There is of course the cropping of the features that you do, but ndimage has a find_objects function that returns enclosing slices, and appears to be very fast:
In [66]: %timeit ndimage.find_objects(a)
100 loops, best of 3: 11.5 ms per loop
This returns a list of tuples of slices enclosing all of your objects, in 50% more time thn it takes to find the indices of one single object.
It may not work out of the box as I cannot test it right now, but I would restructure your code into something like the following:
def correct_hot_bis(hot_image, seg_image):
# Need this to not index out of bounds when computing border_avg
hot_image_padded = np.pad(hot_image, 3, mode='constant',
constant_values=0)
new_hot = hot_image.copy()
sign = np.ones_like(hot_image, dtype=np.int8)
sign[hot_image > 0] = -1
s_elem = np.ones((3, 3))
for j, slice_ in enumerate(ndimage.find_objects(seg_image)):
hot_image_view = hot_image[slice_]
seg_image_view = seg_image[slice_]
new_shape = tuple(dim+6 for dim in hot_image_view.shape)
new_slice = tuple(slice(dim.start,
dim.stop+6,
None) for dim in slice_)
indices = seg_image_view == j+1
obj_avg = hot_image_view[indices].mean()
obj = np.zeros(new_shape)
obj[3:-3, 3:-3][indices] = True
dilated = ndimage.binary_dilation(obj, s_elem)
border = mahotas.borders(dilated)
border &= dilated
border_avg = hot_image_padded[new_slice][border == 1].mean()

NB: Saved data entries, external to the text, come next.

(* For every finite simple graph $G=(V,E)$, $$\omega(\overline{X}_G)(x_1,x_2,\dots)=\sum_{W\subseteq V}(-1)^{|V\setminus W|}\prod_{i\ge1}H_{G|_W}(x_i),$$ where $H_{G|_W}(t)=1/I_{G|_W}(-t)$.
   Context: $\overline{X}_G=\sum_\kappa\prod_{v}\prod_{i\in\kappa(v)}x_i$ over proper set colorings $\kappa$ (maps $V\to$ nonempty subsets of $\mathbb{Z}_{>0}$, adjacent vertices get disjoint sets). $I_H(t)=\sum_n a_nt^n$ is the independence polynomial ($a_n$ = number of independent sets of size $n$); $H_G(t)=\sum_{n\ge0}|\mathcal{H}_G(n)|t^n$ is the generating series of heaps of $G$ by size (a heap being an equivalence class of words over $V$ under swapping adjacent nonadjacent-in-$G$ distinct letters), which equals $1/I_G(-t)$. $\omega$ is the standard involution on symmetric functions ($\omega(p_\lambda)=(-1)^{|\lambda|-\ell(\lambda)}p_\lambda$), extended degree-wise. $G|_W$ is the induced subgraph. *)

theory Defs
  imports "HOL-Library.Poly_Mapping" "HOL-Library.FuncSet"
    "HOL-Computational_Algebra.Formal_Power_Series"
begin

text \<open>The induced subgraph on W is represented by the pair (W, E): every notion below only
  looks at edges between vertices of the given vertex set.\<close>

definition simple_graph :: "'a set \<Rightarrow> ('a \<Rightarrow> 'a \<Rightarrow> bool) \<Rightarrow> bool" where
  "simple_graph V E \<longleftrightarrow> finite V \<and> (\<forall>u v. E u v \<longrightarrow> E v u) \<and> (\<forall>v. \<not> E v v)"

text \<open>Formal power series in the countably many variables x_0, x_1, ... with rational
  coefficients, represented by their coefficient function on monomials (exponent vectors).\<close>

type_synonym mono = "nat \<Rightarrow>\<^sub>0 nat"
type_synonym mseries = "mono \<Rightarrow> rat"

definition mdeg :: "mono \<Rightarrow> nat" where
  "mdeg \<alpha> = (\<Sum>i\<in>Poly_Mapping.keys \<alpha>. Poly_Mapping.lookup \<alpha> i)"

definition proper_set_coloring :: "'a set \<Rightarrow> ('a \<Rightarrow> 'a \<Rightarrow> bool) \<Rightarrow> ('a \<Rightarrow> nat set) \<Rightarrow> bool" where
  "proper_set_coloring V E \<kappa> \<longleftrightarrow>
     \<kappa> \<in> V \<rightarrow>\<^sub>E {S. finite S \<and> S \<noteq> {}} \<and>
     (\<forall>u\<in>V. \<forall>v\<in>V. E u v \<longrightarrow> \<kappa> u \<inter> \<kappa> v = {})"

definition coloring_mono :: "'a set \<Rightarrow> ('a \<Rightarrow> nat set) \<Rightarrow> mono" where
  "coloring_mono V \<kappa> = (\<Sum>v\<in>V. \<Sum>i\<in>\<kappa> v. Poly_Mapping.single i 1)"

definition chromatic_set_sym :: "'a set \<Rightarrow> ('a \<Rightarrow> 'a \<Rightarrow> bool) \<Rightarrow> mseries" where
  "chromatic_set_sym V E \<alpha> =
     of_nat (card {\<kappa>. proper_set_coloring V E \<kappa> \<and> coloring_mono V \<kappa> = \<alpha>})"

definition independent :: "('a \<Rightarrow> 'a \<Rightarrow> bool) \<Rightarrow> 'a set \<Rightarrow> bool" where
  "independent E S \<longleftrightarrow> (\<forall>u\<in>S. \<forall>v\<in>S. \<not> E u v)"

definition indep_poly :: "'a set \<Rightarrow> ('a \<Rightarrow> 'a \<Rightarrow> bool) \<Rightarrow> rat fps" where
  "indep_poly V E = Abs_fps (\<lambda>n. of_nat (card {S. S \<subseteq> V \<and> independent E S \<and> card S = n}))"

definition fps_neg_var :: "rat fps \<Rightarrow> rat fps" where
  "fps_neg_var f = Abs_fps (\<lambda>n. (-1) ^ n * fps_nth f n)"

definition heap_series :: "'a set \<Rightarrow> ('a \<Rightarrow> 'a \<Rightarrow> bool) \<Rightarrow> rat fps" where
  "heap_series V E = inverse (fps_neg_var (indep_poly V E))"

text \<open>Coefficient function of prod_{i} F(x_i) for a one-variable series F with F(0) = 1:
  the coefficient of x^alpha is prod_i [t^{alpha_i}]F (factors with alpha_i = 0 equal 1).\<close>

definition prod_all_vars :: "rat fps \<Rightarrow> mseries" where
  "prod_all_vars F \<alpha> = (\<Prod>i\<in>Poly_Mapping.keys \<alpha>. fps_nth F (Poly_Mapping.lookup \<alpha> i))"

text \<open>Power sum symmetric functions p_lambda = prod_r (sum_i x_i^{lambda_r}); the coefficient
  of x^alpha is the number of choices of variable indices j_r with
  x^alpha = prod_r x_{j_r}^{lambda_r}.\<close>

definition partitions_of :: "nat \<Rightarrow> nat list set" where
  "partitions_of n = {lam. sorted_wrt (\<ge>) lam \<and> 0 \<notin> set lam \<and> sum_list lam = n}"

definition power_sum :: "nat list \<Rightarrow> mseries" where
  "power_sum lam \<alpha> = of_nat (card {j \<in> {..<length lam} \<rightarrow>\<^sub>E (UNIV :: nat set).
      \<alpha> = (\<Sum>r<length lam. Poly_Mapping.single (j r) (lam ! r))})"

text \<open>omega, extended degree-wise: omega f = g iff for every degree n there are coefficients
  a_lambda with f_n = sum a_lambda p_lambda and g_n = sum (-1)^(n - l(lambda)) a_lambda p_lambda.
  (Since the p_lambda are linearly independent, this determines g from symmetric f.)\<close>

definition omega_eq :: "mseries \<Rightarrow> mseries \<Rightarrow> bool" where
  "omega_eq f g \<longleftrightarrow> (\<forall>n. \<exists>a :: nat list \<Rightarrow> rat.
     \<forall>\<alpha>. mdeg \<alpha> = n \<longrightarrow>
       f \<alpha> = (\<Sum>lam\<in>partitions_of n. a lam * power_sum lam \<alpha>) \<and>
       g \<alpha> = (\<Sum>lam\<in>partitions_of n. (-1) ^ (n - length lam) * a lam * power_sum lam \<alpha>))"

end

theory Submission
  imports Defs "HOL-Combinatorics.Permutations"
begin

text \<open>Inclusion-exclusion over the set W of vertices that receive a nonempty color set writes
  the chromatic set-coloring series as sum_W (-1)^|V - W| X_W, where X_W counts proper colorings
  of G|W by possibly empty sets. Recording the color classes, which are independent sets, gives
  X_W = prod_i I_{G|W}(x_i). For any series F with F(0) = 1 and log F = sum_k c_k t^k one has
  prod_i F(x_i) = exp (sum_k c_k p_k), while log (1/F(-t)) = sum_k (-1)^(k-1) c_k t^k; expanding
  both exponentials in the p_lambda shows that omega maps prod_i F(x_i) to prod_i (1/F(-x_i)).
  Linearity of omega then finishes the proof.\<close>

unbundle fps_syntax

lemma mdeg_eq_sum_superset:
  assumes "finite K" "Poly_Mapping.keys \<alpha> \<subseteq> K"
  shows "mdeg \<alpha> = (\<Sum>i\<in>K. Poly_Mapping.lookup \<alpha> i)"
  unfolding mdeg_def by (rule sum.mono_neutral_left) (use assms in \<open>auto simp: in_keys_iff\<close>)

lemma mdeg_add: "mdeg (\<alpha> + \<beta>) = mdeg \<alpha> + mdeg \<beta>"
proof -
  let ?K = "Poly_Mapping.keys \<alpha> \<union> Poly_Mapping.keys \<beta>"
  have "mdeg (\<alpha> + \<beta>) = (\<Sum>i\<in>?K. Poly_Mapping.lookup (\<alpha> + \<beta>) i)"
    by (rule mdeg_eq_sum_superset) (use keys_add[of \<alpha> \<beta>] in auto)
  also have "\<dots> = mdeg \<alpha> + mdeg \<beta>"
    by (simp add: lookup_add sum.distrib mdeg_eq_sum_superset[of ?K])
  finally show ?thesis .
qed

lemma mdeg_single [simp]: "mdeg (Poly_Mapping.single i k) = k"
  unfolding mdeg_def by (cases "k = 0") auto

lemma mdeg_eq_0_iff: "mdeg \<alpha> = 0 \<longleftrightarrow> \<alpha> = 0"
  unfolding mdeg_def by (auto simp: in_keys_iff intro: poly_mapping_eqI)

lemma lookup_le_mdeg: "Poly_Mapping.lookup \<alpha> i \<le> mdeg \<alpha>"
  unfolding mdeg_def by (cases "i \<in> Poly_Mapping.keys \<alpha>") (auto intro: member_le_sum simp: in_keys_iff)

lemma eq_single_add_iff:
  fixes \<alpha> \<beta> :: mono
  shows "\<alpha> = Poly_Mapping.single i k + \<beta> \<longleftrightarrow>
    k \<le> Poly_Mapping.lookup \<alpha> i \<and> \<beta> = \<alpha> - Poly_Mapping.single i k"
  by (auto simp: lookup_add poly_mapping_eq_iff fun_eq_iff lookup_minus lookup_single when_def)

lemma mdeg_diff_single:
  assumes "k \<le> Poly_Mapping.lookup \<alpha> i"
  shows "mdeg (\<alpha> - Poly_Mapping.single i k) = mdeg \<alpha> - k"
  using mdeg_add[of "Poly_Mapping.single i k" "\<alpha> - Poly_Mapping.single i k"]
    eq_single_add_iff[of \<alpha> i k "\<alpha> - Poly_Mapping.single i k"] assms
  by simp

subsection \<open>Power sums\<close>

definition power_sum_terms :: "nat list \<Rightarrow> mono \<Rightarrow> (nat \<Rightarrow> nat) set" where
  "power_sum_terms lam \<alpha> = {j \<in> {..<length lam} \<rightarrow>\<^sub>E (UNIV :: nat set).
      \<alpha> = (\<Sum>r<length lam. Poly_Mapping.single (j r) (lam ! r))}"

lemma power_sum_eq_card: "power_sum lam \<alpha> = of_nat (card (power_sum_terms lam \<alpha>))"
  unfolding power_sum_def power_sum_terms_def ..

lemma finite_power_sum_terms:
  assumes "0 \<notin> set lam"
  shows "finite (power_sum_terms lam \<alpha>)"
proof (rule finite_subset)
  show "power_sum_terms lam \<alpha> \<subseteq> {..<length lam} \<rightarrow>\<^sub>E Poly_Mapping.keys \<alpha>"
  proof
    fix j assume j: "j \<in> power_sum_terms lam \<alpha>"
    have "j r \<in> Poly_Mapping.keys \<alpha>" if r: "r < length lam" for r
    proof -
      have "lam ! r = Poly_Mapping.lookup (Poly_Mapping.single (j r) (lam ! r)) (j r)"
        by simp
      also have "\<dots> \<le> (\<Sum>s<length lam. Poly_Mapping.lookup (Poly_Mapping.single (j s) (lam ! s)) (j r))"
        by (rule member_le_sum) (use r in auto)
      also have "\<dots> = Poly_Mapping.lookup \<alpha> (j r)"
        using j by (simp add: power_sum_terms_def lookup_sum)
      finally show ?thesis
        using assms r by (metis in_keys_iff le_zero_eq nth_mem)
    qed
    then show "j \<in> {..<length lam} \<rightarrow>\<^sub>E Poly_Mapping.keys \<alpha>"
      using j by (auto simp: power_sum_terms_def PiE_iff)
  qed
qed (auto intro: finite_PiE)

lemma power_sum_Nil: "power_sum [] \<alpha> = (if \<alpha> = 0 then 1 else 0)"
  unfolding power_sum_def by auto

new_hot[slice_][indices] += (sign[slice_][indices] *
np.abs(obj_avg - border_avg))
return new_hot
You would still need to figure out the collisions, but you could get about a 2x speed-up by computing all the indices simultaneously using a np.unique based approach:
a = np.random.randint(100, size=(1000, 1000))
def get_pos(arr):
pos = []
for j in xrange(100):
pos.append(np.where(arr == j))
return pos
def get_pos_bis(arr):
unq, flat_idx = np.unique(arr, return_inverse=True)

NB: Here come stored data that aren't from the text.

lemma card_tuples_avoiding:
  assumes "finite I" "finite U" "finite Zs" "\<And>Z. Z \<in> Zs \<Longrightarrow> Good Z \<subseteq> U"
  shows "card {f \<in> PiE I (\<lambda>_. U). \<exists>Z\<in>Zs. \<forall>a\<in>I. f a \<notin> Good Z}
    \<le> (\<Sum>Z\<in>Zs. (card U - card (Good Z)) ^ card I)"
proof -
  have "{f \<in> PiE I (\<lambda>_. U). \<exists>Z\<in>Zs. \<forall>a\<in>I. f a \<notin> Good Z} \<subseteq> (\<Union>Z\<in>Zs. PiE I (\<lambda>_. U - Good Z))"
    by (auto simp: PiE_iff) blast
  then have "card {f \<in> PiE I (\<lambda>_. U). \<exists>Z\<in>Zs. \<forall>a\<in>I. f a \<notin> Good Z}
      \<le> card (\<Union>Z\<in>Zs. PiE I (\<lambda>_. U - Good Z))"
    by (rule card_mono[rotated]) (simp add: assms finite_PiE)
  also have "\<dots> \<le> (\<Sum>Z\<in>Zs. card (PiE I (\<lambda>_. U - Good Z)))"
    by (rule card_UN_le) (fact assms)
  also have "\<dots> = (\<Sum>Z\<in>Zs. (card U - card (Good Z)) ^ card I)"
  proof (rule sum.cong[OF refl])
    fix Z assume "Z \<in> Zs"
    then have "card (U - Good Z) = card U - card (Good Z)"
      using assms(2,4) by (meson card_Diff_subset finite_subset)
    then show "card (PiE I (\<lambda>_. U - Good Z)) = (card U - card (Good Z)) ^ card I"
      using assms(1) by (simp add: card_PiE)
  qed
  finally show ?thesis .
qed

lemma collision_count_bound:
  fixes h :: nat
  assumes "64 \<le> h"
  shows "(16::real) ^ (h div 64) * (3 ^ (h div 4) * (4/3) ^ h) \<le> 2 ^ h / 4"
proof -
  define a where "a = h div 4"
  define q where "q = h div 64"
  have a16: "16 * q \<le> a" and q1: "1 \<le> q" and h4: "4 * a \<le> h"
    using assms unfolding q_def a_def by (auto simp: div_mult2_eq[symmetric])
  have "(3::real) * (2/3) ^ 4 = 16/27"
    by (simp add: power_divide)
  then have shrink: "(3::real) ^ a * ((2/3) ^ 4) ^ a = (16/27) ^ a"
    by (metis power_mult_distrib)
  have "(16::real) ^ q * (3 ^ a * (2/3) ^ h) \<le> 16 ^ q * (3 ^ a * (2/3) ^ (4 * a))"
    using h4 by (intro mult_left_mono power_decreasing) auto
  also have "\<dots> = 16 ^ q * (16/27) ^ a"
    by (simp only: power_mult shrink)
  also have "\<dots> \<le> 16 ^ q * (16/27) ^ (16 * q)"
    using a16 by (intro mult_left_mono power_decreasing) auto
  also have "\<dots> = (16 * (16/27) ^ 16) ^ q"
    by (simp only: power_mult power_mult_distrib)
  also have "\<dots> \<le> (1/4) ^ q"
    by (rule power_mono) (simp_all add: power_divide)
  also have "\<dots> \<le> 1/4"
    using power_decreasing[OF q1, of "1/4::real"] by simp
  finally have "2 ^ h * ((16::real) ^ q * (3 ^ a * (2/3) ^ h)) \<le> 2 ^ h * (1/4)"
    by (intro mult_left_mono) auto
  moreover have "(4/3::real) ^ h = 2 ^ h * (2/3) ^ h"
    by (simp only: power_mult_distrib[symmetric]) simp
  ultimately show ?thesis
    unfolding a_def[symmetric] q_def[symmetric] by (simp only: ac_simps)
qed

pos = np.argsort(flat_idx)
counts = np.bincount(flat_idx)
cum_counts = np.cumsum(counts)
multi_dim_idx = np.unravel_index(pos, arr.shape)
return zip(*(np.split(coords, cum_counts) for coords in multi_dim_idx))
In [33]: %timeit get_pos(a)
1 loops, best of 3: 766 ms per loop
In [34]: %timeit get_pos_bis(a)
1 loops, best of 3: 388 ms per loop
Note that the pixels for each object are returned in a different order, so you can't simply compare the returns of both functions to assess equality. But they should both return the same.
One thing you could do to same a little bit of time is to save the result of seg_image == i so that you don't need to compute it twice. You're computing it on lines 15 & 47, you could add seg_mask = seg_image == i and then reuse that result (It might also be good to separate out that piece for profiling purposes).
While there a some other minor things that you could do to eke out a little bit of performance, the root issue is that you're using a O(M * N) algorithm where M is the number of segments and N is the size of your image. It's not obvious to me from your code whether there is a faster algorithm to accomplish the same thing, but that's the first place I'd try and look for a speedup.